Each has its own Project.toml file and the standard package directory structure, with B's project file listing A in its [deps] section. Then if I cache symbols, I get this:

julia> env[:A][:foo].methods
1-element Array{SymbolServer.MethodStore,1}:
 SymbolServer.MethodStore(:foo, :A, "/tmp/pkgs/dev/A/src/A.jl", 3, Pair{Any,Any}[:x => SymbolServer.FakeTypeName(SymbolServer.VarRef(SymbolServer.VarRef(nothing, :Core), :Any), Any[])], Symbol[], SymbolServer.FakeTypeName(SymbolServer.VarRef(SymbolServer.VarRef(nothing, :Core), :Any), Any[]))

You'll notice there is only one method listed in the MethodStore, despite the fact that

julia> methods(A.foo)
# 2 methods for generic function "foo":
[1] foo(::B.Foo) in B at /tmp/pkgs/dev/B/src/B.jl:6
[2] foo(x) in A at /tmp/pkgs/dev/A/src/A.jl:3

Is it stored in B? To make sure I don't miss it (in case there's name-mangling to encode A.foo), let's look for "foo" anywhere in the name:

julia> ks = String.(keys(env[:B].vals));

julia> filter(s->occursin("foo", s), ks)
0-element Array{String,1}

Doesn't seem to be there.

If I change the definition of B.jl to

module B

import A: foo

struct Foo end
foo(::Foo) = 2

end # module

and start a fresh session and build the cache again, I get

julia> env[:A][:foo].methods
1-element Array{SymbolServer.MethodStore,1}:
 SymbolServer.MethodStore(:foo, :A, "/tmp/pkgs/dev/A/src/A.jl", 3, Pair{Any,Any}[:x => SymbolServer.FakeTypeName(SymbolServer.VarRef(SymbolServer.VarRef(nothing, :Core), :Any), Any[])], Symbol[], SymbolServer.FakeTypeName(SymbolServer.VarRef(SymbolServer.VarRef(nothing, :Core), :Any), Any[]))

julia> env[:B][:foo].methods
1-element Array{SymbolServer.MethodStore,1}:
 SymbolServer.MethodStore(:foo, :B, "/tmp/pkgs/dev/B/src/B.jl", 6, Pair{Any,Any}[Symbol("#unused#") => SymbolServer.FakeTypeName(SymbolServer.VarRef(SymbolServer.VarRef(nothing, :B), :Foo), Any[])], Symbol[], SymbolServer.FakeTypeName(SymbolServer.VarRef(SymbolServer.VarRef(nothing, :Core), :Any), Any[]))

That's better---it got both methods---but if you see a foo(3) in B then

julia> B.foo(3)
1

which demonstrates that it called the method defined in A, not the one defined in B. Meaning that all methods are available from any module that can access it.
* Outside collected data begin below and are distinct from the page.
lemma has_integral_linear_powr:
  fixes a b u c q :: real
  assumes "q \<noteq> 1" "c \<noteq> 0" "a \<le> b" and pos: "\<And>x. x \<in> {a..b} \<Longrightarrow> 0 < u + c * x"
  shows "((\<lambda>x. (u + c * x) powr - q) has_integral
           ((u + c * b) powr (1 - q) - (u + c * a) powr (1 - q)) / (c * (1 - q))) {a..b}"
proof -
  define G where "G = (\<lambda>x. (u + c * x) powr (1 - q) / (c * (1 - q)))"
  have "(G has_real_derivative (u + c * x) powr - q) (at x within {a..b})" if "x \<in> {a..b}" for x
  proof -
    have "((\<lambda>x. u + c * x) has_real_derivative c) (at x)"
      by (auto intro!: derivative_eq_intros)
    from DERIV_cdivide[OF DERIV_fun_powr[OF this pos[OF that], of "1 - q"], of "c * (1 - q)"]
    have "(G has_real_derivative (u + c * x) powr - q) (at x)"
      using assms by (simp add: G_def)
    then show ?thesis by (rule has_field_derivative_at_within)
  qed
  then have "((\<lambda>x. (u + c * x) powr - q) has_integral G b - G a) {a..b}"
    using assms by (intro fundamental_theorem_of_calculus)
      (auto simp: has_real_derivative_iff_has_vector_derivative[symmetric])
  then show ?thesis by (simp add: G_def diff_divide_distrib)
qed

lemma Mp_le_of_has_integral:
  fixes F :: "complex \<Rightarrow> complex" and h :: "real \<Rightarrow> real"
  assumes p: "0 < p" and h: "(h has_integral I) {0..2 * pi}"
    and le: "\<And>\<theta>. \<theta> \<in> {0..2 * pi} \<Longrightarrow> norm (F (of_real r * cis \<theta>)) powr p \<le> h \<theta>"
  shows "Mp p r F \<le> (I / (2 * pi)) powr (1 / p)"
proof -
  define g where "g \<theta> = norm (F (of_real r * cis \<theta>)) powr p" for \<theta>
  have "0 \<le> integral {0..2 * pi} g \<and> integral {0..2 * pi} g \<le> I"
  \<comment> \<open>If g is not integrable, its integral is the junk value 0.\<close>
  proof (cases "g integrable_on {0..2 * pi}")
    case True
    then show ?thesis
      using le h by (auto simp: g_def intro: integral_nonneg has_integral_le[OF integrable_integral])
  next
    case False
    have "0 \<le> I" using le by (intro has_integral_nonneg[OF h]) (metis order_trans powr_ge_zero)
    with False show ?thesis by (simp add: not_integrable_integral)
  qed
  then show ?thesis
    using p unfolding Mp_def g_def[symmetric] by (intro powr_mono2 divide_right_mono) auto
qed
Might this cause a problem? To find out, I added

function bar()
    return foo(convert(Int, 3.0))
end

to B. Then I positioned my cursor somewhere in foo and hit F12, which takes me to foo(::Foo) rather than foo(::Any), and it doesn't give me a choice in a popup dialog. In contrast, positioning my cursor inside convert and hitting F12 takes me to a definition (the wrong one, but that's a separate issue) but gives me a dialog allowing me to manually choose other methods.

Proposed fix

Fixing this seems to require a bit of an architecture change. To me it seems that the most consistent representation would be to lump all methods for A.foo together in a single FunctionStore placed in A, rather than parcel them out to the modules in which they are defined. This is consistent with how Julia does it:

julia> B.foo === A.foo
true

julia> ft = typeof(A.foo)
typeof(A.foo)

julia> ftn = ft.name
typeof(A.foo)

julia> ftn.module     # A "owns" foo...
A

julia> m = methods(A.foo).ms[1]
foo(::B.Foo) in B at /tmp/pkgs/dev/B/src/B.jl:6

julia> m.module    # ...even though there are methods for it in B
B

When foo requires module-scoping for use in B (my first definition of B.jl), then I'd propose that foo should not be a recorded symbol in env[:B]. (Ideally, hitting F12 in a call A.foo(x) would grok the explicit module-scoping and find it in A.) In the second definition of B.jl, where B imported A.foo, I'd propose that env[:B][:foo] should return just VarRef(VarRef(A), :foo), and that all methods of A.foo be looked up in env[:A].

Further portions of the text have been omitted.